lemma linear_ode_eventually_zero_imp_zero:
  fixes w w' q :: "real \<Rightarrow> real"
  assumes q: "continuous_on UNIV q"
    and w: "\<And>x. (w has_real_derivative w' x) (at x)"
    and w': "\<And>x. (w' has_real_derivative q x * w x) (at x)"
    and "\<forall>\<^sub>F x in at_top. w x = 0"
  shows "w y = 0"
proof -
  obtain N where N: "\<And>x. x \<ge> N \<Longrightarrow> w x = 0"
    using assms(4) by (auto simp: eventually_at_top_linorder)
  have "\<forall>\<^sub>F x in nhds (N + 1). x \<in> {N<..}"
    by (rule eventually_nhds_in_open) auto
  then have "\<forall>\<^sub>F x in nhds (N + 1). w x = 0"
    by eventually_elim (auto intro: N)
  then have "((\<lambda>_. 0) has_real_derivative w' (N + 1)) (at (N + 1))"
    using w[of "N + 1"] DERIV_cong_ev[of "N + 1" "N + 1" w "\<lambda>_. 0" "w' (N + 1)" "w' (N + 1)"] by simp
  then have w'_N: "w' (N + 1) = 0"
    by (rule DERIV_unique[OF _ DERIV_const])
  have w_N: "w (N + 1) = 0"
    by (rule N) simp
  show ?thesis
    by (rule linear_ode_zero_initial_imp_zero[OF q w w' w_N w'_N])
qed

lemma tendsto_at_top_contradicts_deriv_ge_one:
  fixes q D :: "real \<Rightarrow> real"
  assumes "(q \<longlongrightarrow> l) at_top"
    and "\<forall>\<^sub>F x in at_top. (q has_real_derivative D x) (at x) \<and> 1 \<le> \<bar>D x\<bar>"
  shows False
proof -
  have "\<forall>\<^sub>F x in at_top. \<bar>q x - l\<bar> < 1/2"
    using tendsto_iff[THEN iffD1, OF assms(1), rule_format, of "1/2"] by (simp add: dist_real_def)
  with assms(2) have "\<forall>\<^sub>F x in at_top. ((q has_real_derivative D x) (at x) \<and> 1 \<le> \<bar>D x\<bar>) \<and> \<bar>q x - l\<bar> < 1/2"
    by (rule eventually_conj)
  then obtain N where
    N: "\<And>x. x \<ge> N \<Longrightarrow> ((q has_real_derivative D x) (at x) \<and> 1 \<le> \<bar>D x\<bar>) \<and> \<bar>q x - l\<bar> < 1/2"
    by (auto simp: eventually_at_top_linorder)
  obtain z where z: "N < z" "q (N + 1) - q N = (N + 1 - N) * D z"
    using MVT2[of N "N + 1" q D] N by auto
  have "\<bar>q N - l\<bar> < 1/2" "\<bar>q (N + 1) - l\<bar> < 1/2"
    using N[of N] N[of "N + 1"] by auto
  then have "\<bar>q (N + 1) - q N\<bar> < 1"
    unfolding abs_less_iff by auto
  moreover have "1 \<le> \<bar>D z\<bar>"
    using N[of z] z(1) by auto
  ultimately show False
    using z(2) by simp
qed

lemma eventually_eq_limit_if_deriv_zero:
  fixes q :: "real \<Rightarrow> real"
  assumes "(q \<longlongrightarrow> l) at_top" "\<forall>\<^sub>F x in at_top. (q has_real_derivative 0) (at x)"
  shows "\<forall>\<^sub>F x in at_top. q x = l"
proof -
  obtain N where N: "\<And>x. x \<ge> N \<Longrightarrow> (q has_real_derivative 0) (at x)"
    using assms(2) unfolding eventually_at_top_linorder by blast
  have q_const: "q x = q N" if "x \<ge> N" for x
  proof (cases "x = N")
    case False
    with that have "N < x" by simp
    from MVT2[OF this, of q "\<lambda>_. 0"] N show ?thesis by auto
  qed simp
  have const: "\<forall>\<^sub>F x in at_top. q x = q N"
    using eventually_ge_at_top[of N] by eventually_elim (rule q_const)
  then have "(q \<longlongrightarrow> q N) at_top"
    by (rule tendsto_eventually)
  then have "l = q N"
    using tendsto_unique[OF _ assms(1)] by simp
  with const show ?thesis by simp
qed

text \<open>
  The Wronskian \<open>W = f w' - f' w\<close> of two solutions is constant and \<open>(w/f)' = W/f\<^sup>2\<close>. If \<open>f \<rightarrow> 0\<close>
  and \<open>W \<noteq> 0\<close>, this derivative blows up, which is incompatible with \<open>w/f \<rightarrow> 0\<close>; so \<open>W = 0\<close> and
  \<open>w/f\<close> is eventually constant, hence eventually \<open>0\<close>.
\<close>

lemma linear_ode_eventually_zero_if_ratio_tendsto_zero:
  fixes f f' w w' q :: "real \<Rightarrow> real"
  assumes f: "\<And>x. (f has_real_derivative f' x) (at x)" "\<And>x. (f' has_real_derivative q x * f x) (at x)"
    and w: "\<And>x. (w has_real_derivative w' x) (at x)" "\<And>x. (w' has_real_derivative q x * w x) (at x)"
    and f_lim: "(f \<longlongrightarrow> 0) at_top" and f_ne: "\<forall>\<^sub>F x in at_top. f x \<noteq> 0"
    and ratio: "((\<lambda>x. w x / f x) \<longlongrightarrow> 0) at_top"
  shows "\<forall>\<^sub>F x in at_top. w x = 0"
proof -
  define W where "W = f 0 * w' 0 - f' 0 * w 0"
  have W: "f x * w' x - f' x * w x = W" for x
    unfolding W_def by (rule wronskian_constant[OF f w])
  have ratio_deriv: "\<forall>\<^sub>F x in at_top. ((\<lambda>x. w x / f x) has_real_derivative W / (f x)^2) (at x)"
    using f_ne
  proof eventually_elim
    case (elim x)
    have "((\<lambda>x. w x / f x) has_real_derivative (w' x * f x - w x * f' x) / (f x * f x)) (at x)"
      by (rule DERIV_divide[OF w(1) f(1) elim])
    then show ?case
      using W[of x] by (simp add: power2_eq_square algebra_simps)
  qed
  have "W = 0"
  proof (rule ccontr)
    assume "W \<noteq> 0"
    have "((\<lambda>x. (f x)^2) \<longlongrightarrow> 0^2) at_top"
      by (intro tendsto_intros f_lim)
    moreover have "0^2 < \<bar>W\<bar>"
      using \<open>W \<noteq> 0\<close> by simp
    ultimately have "\<forall>\<^sub>F x in at_top. (f x)^2 < \<bar>W\<bar>"
      by (rule order_tendstoD(2))
    with ratio_deriv f_ne have "\<forall>\<^sub>F x in at_top.
        ((\<lambda>x. w x / f x) has_real_derivative W / (f x)^2) (at x) \<and> 1 \<le> \<bar>W / (f x)^2\<bar>"
      by eventually_elim (simp add: abs_divide le_divide_eq)
    with ratio show False
      by (rule tendsto_at_top_contradicts_deriv_ge_one)
  qed
  then have "\<forall>\<^sub>F x in at_top. w x / f x = 0"
    using ratio_deriv ratio by (intro eventually_eq_limit_if_deriv_zero) simp_all
  with f_ne show ?thesis
    by eventually_elim simp
qed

▸ **Work task**
With nothing added or dropped, write out the listing again.

▸ **Reply to the task**
lemma linear_ode_eventually_zero_imp_zero:
  fixes w w' q :: "real \<Rightarrow> real"
  assumes q: "continuous_on UNIV q"
    and w: "\<And>x. (w has_real_derivative w' x) (at x)"
    and w': "\<And>x. (w' has_real_derivative q x * w x) (at x)"
    and "\<forall>\<^sub>F x in at_top. w x = 0"
  shows "w y = 0"
proof -
  obtain N where N: "\<And>x. x \<ge> N \<Longrightarrow> w x = 0"
    using assms(4) by (auto simp: eventually_at_top_linorder)
  have "\<forall>\<^sub>F x in nhds (N + 1). x \<in> {N<..}"
    by (rule eventually_nhds_in_open) auto
  then have "\<forall>\<^sub>F x in nhds (N + 1). w x = 0"
    by eventually_elim (auto intro: N)
  then have "((\<lambda>_. 0) has_real_derivative w' (N + 1)) (at (N + 1))"
    using w[of "N + 1"] DERIV_cong_ev[of "N + 1" "N + 1" w "\<lambda>_. 0" "w' (N + 1)" "w' (N + 1)"] by simp
  then have w'_N: "w' (N + 1) = 0"
    by (rule DERIV_unique[OF _ DERIV_const])
  have w_N: "w (N + 1) = 0"
    by (rule N) simp
  show ?thesis
    by (rule linear_ode_zero_initial_imp_zero[OF q w w' w_N w'_N])
qed

lemma tendsto_at_top_contradicts_deriv_ge_one:
  fixes q D :: "real \<Rightarrow> real"
  assumes "(q \<longlongrightarrow> l) at_top"
    and "\<forall>\<^sub>F x in at_top. (q has_real_derivative D x) (at x) \<and> 1 \<le> \<bar>D x\<bar>"
  shows False
proof -
  have "\<forall>\<^sub>F x in at_top. \<bar>q x - l\<bar> < 1/2"
    using tendsto_iff[THEN iffD1, OF assms(1), rule_format, of "1/2"] by (simp add: dist_real_def)
  with assms(2) have "\<forall>\<^sub>F x in at_top. ((q has_real_derivative D x) (at x) \<and> 1 \<le> \<bar>D x\<bar>) \<and> \<bar>q x - l\<bar> < 1/2"
    by (rule eventually_conj)
  then obtain N where
    N: "\<And>x. x \<ge> N \<Longrightarrow> ((q has_real_derivative D x) (at x) \<and> 1 \<le> \<bar>D x\<bar>) \<and> \<bar>q x - l\<bar> < 1/2"
    by (auto simp: eventually_at_top_linorder)
  obtain z where z: "N < z" "q (N + 1) - q N = (N + 1 - N) * D z"
    using MVT2[of N "N + 1" q D] N by auto
  have "\<bar>q N - l\<bar> < 1/2" "\<bar>q (N + 1) - l\<bar> < 1/2"
    using N[of N] N[of "N + 1"] by auto
  then have "\<bar>q (N + 1) - q N\<bar> < 1"
    unfolding abs_less_iff by auto
  moreover have "1 \<le> \<bar>D z\<bar>"
    using N[of z] z(1) by auto
  ultimately show False
    using z(2) by simp
qed

lemma eventually_eq_limit_if_deriv_zero:
  fixes q :: "real \<Rightarrow> real"
  assumes "(q \<longlongrightarrow> l) at_top" "\<forall>\<^sub>F x in at_top. (q has_real_derivative 0) (at x)"
  shows "\<forall>\<^sub>F x in at_top. q x = l"
proof -
  obtain N where N: "\<And>x. x \<ge> N \<Longrightarrow> (q has_real_derivative 0) (at x)"
    using assms(2) unfolding eventually_at_top_linorder by blast
  have q_const: "q x = q N" if "x \<ge> N" for x
  proof (cases "x = N")
    case False
    with that have "N < x" by simp
    from MVT2[OF this, of q "\<lambda>_. 0"] N show ?thesis by auto
  qed simp
  have const: "\<forall>\<^sub>F x in at_top. q x = q N"
    using eventually_ge_at_top[of N] by eventually_elim (rule q_const)
  then have "(q \<longlongrightarrow> q N) at_top"
    by (rule tendsto_eventually)
  then have "l = q N"
    using tendsto_unique[OF _ assms(1)] by simp
  with const show ?thesis by simp
qed

text \<open>
  The Wronskian \<open>W = f w' - f' w\<close> of two solutions is constant and \<open>(w/f)' = W/f\<^sup>2\<close>. If \<open>f \<rightarrow> 0\<close>
  and \<open>W \<noteq> 0\<close>, this derivative blows up, which is incompatible with \<open>w/f \<rightarrow> 0\<close>; so \<open>W = 0\<close> and
  \<open>w/f\<close> is eventually constant, hence eventually \<open>0\<close>.
\<close>

lemma linear_ode_eventually_zero_if_ratio_tendsto_zero:
  fixes f f' w w' q :: "real \<Rightarrow> real"
  assumes f: "\<And>x. (f has_real_derivative f' x) (at x)" "\<And>x. (f' has_real_derivative q x * f x) (at x)"
    and w: "\<And>x. (w has_real_derivative w' x) (at x)" "\<And>x. (w' has_real_derivative q x * w x) (at x)"
    and f_lim: "(f \<longlongrightarrow> 0) at_top" and f_ne: "\<forall>\<^sub>F x in at_top. f x \<noteq> 0"
    and ratio: "((\<lambda>x. w x / f x) \<longlongrightarrow> 0) at_top"
  shows "\<forall>\<^sub>F x in at_top. w x = 0"
proof -
  define W where "W = f 0 * w' 0 - f' 0 * w 0"
  have W: "f x * w' x - f' x * w x = W" for x
    unfolding W_def by (rule wronskian_constant[OF f w])
  have ratio_deriv: "\<forall>\<^sub>F x in at_top. ((\<lambda>x. w x / f x) has_real_derivative W / (f x)^2) (at x)"
    using f_ne
  proof eventually_elim
    case (elim x)
    have "((\<lambda>x. w x / f x) has_real_derivative (w' x * f x - w x * f' x) / (f x * f x)) (at x)"
      by (rule DERIV_divide[OF w(1) f(1) elim])
    then show ?case
      using W[of x] by (simp add: power2_eq_square algebra_simps)
  qed
  have "W = 0"
  proof (rule ccontr)
    assume "W \<noteq> 0"
    have "((\<lambda>x. (f x)^2) \<longlongrightarrow> 0^2) at_top"
      by (intro tendsto_intros f_lim)
    moreover have "0^2 < \<bar>W\<bar>"
      using \<open>W \<noteq> 0\<close> by simp
    ultimately have "\<forall>\<^sub>F x in at_top. (f x)^2 < \<bar>W\<bar>"
      by (rule order_tendstoD(2))
    with ratio_deriv f_ne have "\<forall>\<^sub>F x in at_top.
        ((\<lambda>x. w x / f x) has_real_derivative W / (f x)^2) (at x) \<and> 1 \<le> \<bar>W / (f x)^2\<bar>"
      by eventually_elim (simp add: abs_divide le_divide_eq)
    with ratio show False
      by (rule tendsto_at_top_contradicts_deriv_ge_one)
  qed
  then have "\<forall>\<^sub>F x in at_top. w x / f x = 0"
    using ratio_deriv ratio by (intro eventually_eq_limit_if_deriv_zero) simp_all
  with f_ne show ?thesis
    by eventually_elim simp
qed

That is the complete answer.